====== Information provided
lemma grading_weight_mult_dmat:
  assumes "is_fcx C" "i \<in> bas C" "j \<in> bas C" "dmat C i j \<noteq> 0"
  shows "grading_weight C i * dmat C i j =
     mono (nat ((Max (fst ` grd C ` bas C) - fst (grd C j) + 1) div 2))
          (nat ((Max (snd ` grd C ` bas C) - snd (grd C j) + 1) div 2))"
proof -
  have "hom_elt (dmat C i j) (fst (grd C j) - 1 - fst (grd C i)) (snd (grd C j) - 1 - snd (grd C i))"
    using assms(1-3) unfolding is_fcx_def by blast
  then obtain p q where entry: "dmat C i j = mono p q"
    and "fst (grd C i) = fst (grd C j) - 1 + 2 * int p" "snd (grd C i) = snd (grd C j) - 1 + 2 * int q"
    using assms(4) by (elim hom_elt_nonzero_eq_mono) auto
  moreover have "fst (grd C i) \<le> Max (fst ` grd C ` bas C)" "snd (grd C i) \<le> Max (snd ` grd C ` bas C)"
    using assms(1,2) unfolding is_fcx_def by auto
  ultimately show ?thesis
    unfolding grading_weight_def entry mono_mult_mono by (simp only: half_distance_shift)
qed

lemma grading_weight_annihilates_dmat:
  assumes C: "is_fcx C" and even: "even_columns C"
  shows "(\<Sum>i\<in>bas C. grading_weight C i * dmat C i j) = 0"
proof (cases "j \<in> bas C")
  case False
  with C show ?thesis unfolding is_fcx_def by simp
next
  case True
  let ?S = "{i \<in> bas C. dmat C i j \<noteq> 0}"
  let ?m = "mono (nat ((Max (fst ` grd C ` bas C) - fst (grd C j) + 1) div 2))
                 (nat ((Max (snd ` grd C ` bas C) - snd (grd C j) + 1) div 2))"
  have fin: "finite (bas C)" using C unfolding is_fcx_def by blast
  have "(\<Sum>i\<in>bas C. grading_weight C i * dmat C i j) = (\<Sum>i\<in>?S. grading_weight C i * dmat C i j)"
    by (rule sum.mono_neutral_right) (use fin in auto)
  also have "\<dots> = (\<Sum>i\<in>?S. ?m)"
    by (rule sum.cong) (simp_all add: grading_weight_mult_dmat[OF C _ True])
  also have "\<dots> = of_nat (card ?S) * ?m" by simp
  also have "\<dots> = 0" using even unfolding even_columns_def by (simp add: of_nat_R_even)
  finally show ?thesis .
qed
lemma summable_frac_series:
  fixes c :: "nat \<Rightarrow> real"
  assumes "summable (\<lambda>n. \<bar>c n\<bar> / real (Suc n))" and "u \<ge> 0"
  shows "summable (\<lambda>n. c n * frac (1 / (real (Suc n) * u)))"
proof (rule summable_comparison_test')
  show "summable (\<lambda>n. 1 / u * (\<bar>c n\<bar> / real (Suc n)))"
    using assms(1) by (rule summable_mult)
  show "norm (c n * frac (1 / (real (Suc n) * u))) \<le> 1 / u * (\<bar>c n\<bar> / real (Suc n))" for n
    using assms(2) mult_left_mono[OF frac_le_self[of "1 / (real (Suc n) * u)"], of "\<bar>c n\<bar>"]
    by (simp add: abs_mult field_simps)
qed

lemma has_integral_frac_series:
  fixes c :: "nat \<Rightarrow> real" and s :: complex
  assumes c: "summable (\<lambda>n. \<bar>c n\<bar> / real (Suc n))" and s: "Re s > 1"
  shows "((\<lambda>u. of_real (\<Sum>n. c n * frac (1 / (real (Suc n) * u))) * of_real u powr (s - 1))
           has_integral
           (\<Sum>n. of_real (c n) * (1 / (of_nat (Suc n) * (s - 1)) - zeta s / (of_nat (Suc n) powr s * s))))
         {0..1}"
proof -
  define f where "f n u = of_real (c n) * (of_real (frac (1 / (real (Suc n) * u))) * of_real u powr (s - 1))"
    for n u
  have f_abs_int: "f n absolutely_integrable_on {0..1}" for n
    unfolding f_def using s by (intro set_integrable_mult_right absolutely_integrable_frac_inv_mult) auto
  have f_int: "(f n has_integral of_real (c n) * (1 / (of_nat (Suc n) * (s - 1)) - zeta s / (of_nat (Suc n) powr s * s))) {0..1}" for n
    unfolding f_def using s by (intro has_integral_mult_right has_integral_frac_inv_mult) auto
  have "summable (\<lambda>n. norm (f n u))" if "u \<in> {0..1}" for u
  proof (rule summable_comparison_test')
    show "summable (\<lambda>n. u powr (Re s - 2) * (\<bar>c n\<bar> / real (Suc n)))"
      using c by (rule summable_mult)
    show "norm (norm (f n u)) \<le> u powr (Re s - 2) * (\<bar>c n\<bar> / real (Suc n))" for n
      using that mult_left_mono[OF norm_frac_inv_mult_powr_le[of "Suc n" u s], of "\<bar>c n\<bar>"]
      by (simp add: f_def norm_mult mult_ac)
  qed
  moreover have "summable (\<lambda>n. integral {0..1} (\<lambda>u. norm (f n u)))"
  proof (rule summable_comparison_test')
    show "summable (\<lambda>n. 1 / (Re s - 1) * (\<bar>c n\<bar> / real (Suc n)))"
      using c by (rule summable_mult)
    show "norm (integral {0..1} (\<lambda>u. norm (f n u))) \<le> 1 / (Re s - 1) * (\<bar>c n\<bar> / real (Suc n))" for n
    proof -
      have "integral {0..1} (\<lambda>u. norm (f n u))
              = \<bar>c n\<bar> * integral {0..1} (\<lambda>u. norm (of_real (frac (1 / (real (Suc n) * u))) * of_real u powr (s - 1)))"
        by (simp add: f_def norm_mult)
      moreover have "0 \<le> integral {0..1} (\<lambda>u. norm (f n u))"
        using f_abs_int[of n] by (intro integral_nonneg) (auto simp: absolutely_integrable_on_def)
      ultimately show ?thesis
        using mult_left_mono[OF integral_norm_frac_inv_mult_le[of "Suc n" s], of "\<bar>c n\<bar>"] s
        by (simp add: field_simps)
    qed
  qed
  ultimately have "((\<lambda>u. \<Sum>n. f n u) has_integral
      (\<Sum>n. of_real (c n) * (1 / (of_nat (Suc n) * (s - 1)) - zeta s / (of_nat (Suc n) powr s * s)))) {0..1}"
    using f_abs_int f_int by (intro has_integral_suminf)
  moreover have "(\<Sum>n. f n u) = of_real (\<Sum>n. c n * frac (1 / (real (Suc n) * u))) * of_real u powr (s - 1)"
    if "u \<ge> 0" for u
    using sums_mult2[OF sums_of_real[OF summable_sums[OF summable_frac_series[OF c that]]],
                     of "of_real u powr (s - 1) :: complex"]
    by (simp add: f_def sums_iff mult.assoc)
  ultimately show ?thesis
    by (rule has_integral_eq[rotated]) simp
qed

lemma moebius_frac_coefficients_sums:
  fixes \<epsilon> :: real and s :: complex
  assumes "\<epsilon> > 0" and "Re s > 1"
  shows "(\<lambda>n. of_real (moebius_mu (Suc n) / real (Suc n) powr \<epsilon>)
              * (1 / (of_nat (Suc n) * (s - 1)) - zeta s / (of_nat (Suc n) powr s * s)))
         sums (1 / zeta (1 + of_real \<epsilon>) * (1 / (s - 1)) - 1 / zeta (s + of_real \<epsilon>) * (zeta s / s))"
proof -
  have shift: "(of_nat (Suc n) :: complex) powr (w + of_real \<epsilon>) = of_nat (Suc n) powr w * of_real (real (Suc n) powr \<epsilon>)"
    for n w
    using powr_of_real[of "real (Suc n)" \<epsilon>] by (simp add: powr_add del: of_nat_Suc)
  have field_identity: "a / e * (1 / (x * d) - z / (y * t)) = a / (x * e) * (1 / d) - a / (y * e) * (z / t)"
    for a e x d z y t :: complex
    by (simp add: divide_inverse inverse_mult_distrib algebra_simps)
  have "of_real (moebius_mu (Suc n) / real (Suc n) powr \<epsilon>)
          * (1 / (of_nat (Suc n) * (s - 1)) - zeta s / (of_nat (Suc n) powr s * s))
        = of_real (moebius_mu (Suc n)) / of_nat (Suc n) powr (1 + of_real \<epsilon>) * (1 / (s - 1))
          - of_real (moebius_mu (Suc n)) / of_nat (Suc n) powr (s + of_real \<epsilon>) * (zeta s / s)" for n
    by (simp only: shift powr_to_1 of_real_divide field_identity)
  then show ?thesis
    using assms by (simp only:) (intro sums_diff sums_mult2 moebius_sums; simp)
qed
============
How to complete this task:
Go through the entries and return each line where the word "ultimately" occurs.

Your response:
  ultimately show ?thesis
      ultimately show ?thesis
  ultimately have "((\<lambda>u. \<Sum>n. f n u) has_integral
  ultimately show ?thesis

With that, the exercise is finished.